16 Dec The Health Of Your Mind May Reside In Your Stomach
If you read only one thing today, read this!
Mandy’s parents were running out of hope, their teenage daughter had been diagnosed with obsessive–compulsive disorder (OCD) and ADHD. They had taken her to clinics around the country in an effort to thwart to help her. It seemed like nothing, not even the litany of psychotropic medications, made much of a difference.
When they arrived at my Vancouver clinic, Mandy’s parents had only one request: help us help Mary.
I started by posing the usual questions about Mandy’s background, her childhood, and the onset of her illness. But then he asked a question that no psychiatrist ever had: How was Mandy’s gut? Did she suffer digestive upset? Constipation or diarrhea? Acid reflux? Had Mandy’s digestion seemed to change at all before or during her illness? Her parents looked at each other. The answer to many of the doctor’s questions was, indeed, “Yes.
That’s what prompted me to take an underlying approach: besides the necessary essential fatty acids and dietary changes, I also prescribed Mandy a twice-daily dose of probiotics, the array of helpful bacteria that lives in our gut. The change in Mandy was nothing short of miraculous: within six months, her symptoms had greatly diminished. One year after beginning her naturopathic protocol and the probiotic prescription, there was no sign that Mandy had ever been ill.
Her parents may have been stunned, but to me, Mandy’s case was an obvious one. An imbalance in the microbes in Mandy’s gut was either contributing to, or causing, her mental symptoms. “The gut is really your second brain. There are more neurons in the GI tract than anywhere else except the brain.”
No longer is addressing intestinal health a provocative idea — that psychiatric woes can be helped by targeting the digestive system — is increasingly reinforced by cutting-edge science. For decades, researchers have known of the connection between the brain and the gut. Anxiety often causes nausea and diarrhea, and depression can change appetite. The connection may have been established, but scientists thought communication was one way: it traveled from the brain to the gut, and not the other way around.
But now, a new understanding of the trillions of microbes living in our guts reveals that this communication process is more like a multi-lane superhighway than a one-way street. By showing that changing bacteria in the gut can change behavior, this new research might one day transform the way we understand and treat a variety of mental health disorders.
For Naturopathic Physicians, this ‘radical’ treatment protocol has actually been decades in the making. For more than 20 years I have recognized the connection between body and mind is more important than conventional medicine assumed. Each year, I get more and more impressed at how important the GI tract is for healthy mood and behavior. On average, more than half of my patients’ complaints are associated with problems in the gut.
This solution might strike many as simple, but it actually targets a vast realm of the human body: around 90 percent of our cells are actually bacterial, and bacterial genes outnumber human genes by a factor of 99 to 1. But those bacteria, most of which perform helpful functions, weren’t always with us: a baby is essentially sterile until it enters the birth canal, at which point the bacteria start to arrive — and they don’t stop. From a mother’s vaginal microbes to hugs and kisses from relatives, the exposures of newborns and toddlers in their earliest years is critical to the development of a robust micro biome.
“There are changes that happen early in life that we can’t reverse,” said John Cryan, a neuroscientist at the University of Cork in Ireland and a main investigator at the Alimentary Pharmabiotic Centre. “But there are some changes that we can reverse. It tells us that there is a window when microbes are having their main effects and, until this closes, many changes can be reversed.”

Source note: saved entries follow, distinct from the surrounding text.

(* For any integers $q\ge 2$ and positive integers $w\le n$, there exists a $\mathrm{TOC}_q(n,2w,w)$ if and only if $\lfloor n/w\rfloor$ divides $(q-1)^w\binom{n}{w}$.
   Context: $\mathcal{H}_q(n,w)$ is the set of all words of length $n$ over $\mathbb{Z}_q$ with exactly $w$ nonzero entries, with the Hamming distance. An $(n,d,w)_q$-code is a nonempty subset of $\mathcal{H}_q(n,w)$ in which any two distinct words have Hamming distance at least $d$; $A_q(n,d,w)$ is the maximum size of such a code and a code of this size is optimal. A $\mathrm{TOC}_q(n,d,w)$ (tiling) is a partition of $\mathcal{H}_q(n,w)$ into mutually disjoint optimal $(n,d,w)_q$-codes. *)

theory Defs
  imports Main
begin

text \<open>Words of length n over Z_q are lists of length n with entries in {0..<q}
  (entry 0 is the zero of Z_q).\<close>

definition hamming_wt :: "nat list \<Rightarrow> nat" where
  "hamming_wt x = card {i. i < length x \<and> x ! i \<noteq> 0}"

definition hamming_dist :: "nat list \<Rightarrow> nat list \<Rightarrow> nat" where
  "hamming_dist x y = card {i. i < length x \<and> x ! i \<noteq> y ! i}"

definition H :: "nat \<Rightarrow> nat \<Rightarrow> nat \<Rightarrow> nat list set" where
  "H q n w = {x. length x = n \<and> set x \<subseteq> {..<q} \<and> hamming_wt x = w}"

definition is_code :: "nat \<Rightarrow> nat \<Rightarrow> nat \<Rightarrow> nat \<Rightarrow> nat list set \<Rightarrow> bool" where
  "is_code q n d w C \<longleftrightarrow> C \<noteq> {} \<and> C \<subseteq> H q n w \<and>
     (\<forall>x\<in>C. \<forall>y\<in>C. x \<noteq> y \<longrightarrow> hamming_dist x y \<ge> d)"

definition A_max :: "nat \<Rightarrow> nat \<Rightarrow> nat \<Rightarrow> nat \<Rightarrow> nat" where
  "A_max q n d w = Max {card C | C. is_code q n d w C}"

definition optimal_code :: "nat \<Rightarrow> nat \<Rightarrow> nat \<Rightarrow> nat \<Rightarrow> nat list set \<Rightarrow> bool" where
  "optimal_code q n d w C \<longleftrightarrow> is_code q n d w C \<and> card C = A_max q n d w"

definition is_TOC :: "nat \<Rightarrow> nat \<Rightarrow> nat \<Rightarrow> nat \<Rightarrow> nat list set set \<Rightarrow> bool" where
  "is_TOC q n d w P \<longleftrightarrow> (\<forall>C\<in>P. optimal_code q n d w C) \<and>
     (\<forall>C1\<in>P. \<forall>C2\<in>P. C1 \<noteq> C2 \<longrightarrow> C1 \<inter> C2 = {}) \<and> \<Union>P = H q n w"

Even if our gut bacteria carries the biggest influence when we’re young, experts are still convinced that tweaking these bacteria later in life can yield profound behavioral and psychological changes. In a recent study, anxious mice dosed with the probiotic bacterium Lactobacillus rhamnosus showed lower levels of anxiety, decreased stress hormones, and even an increase in brain receptors for a neurotransmitter that’s vital in curbing worry, anxiety, and fear.
John Bienenstock, a co-author on that study, compared the probiotics’ effects to benzodiazepines like Valium and Xanax. “The similarity is intriguing. It doesn’t prove they both use the same pathway [in the brain], but it’s a possibility.”
Although plenty of questions remain and we need to be cautious to not conclude that all our mental woes will respond to probiotic treatment as dramatically as Mandy’s, the benefits of using probiotics to treat human behavior are becoming increasingly obvious and their potential to treat human behavior is increasingly apparent.
Certainly a comprehensive digestive protocol is worth pursuing in an effort to improve people’s lives.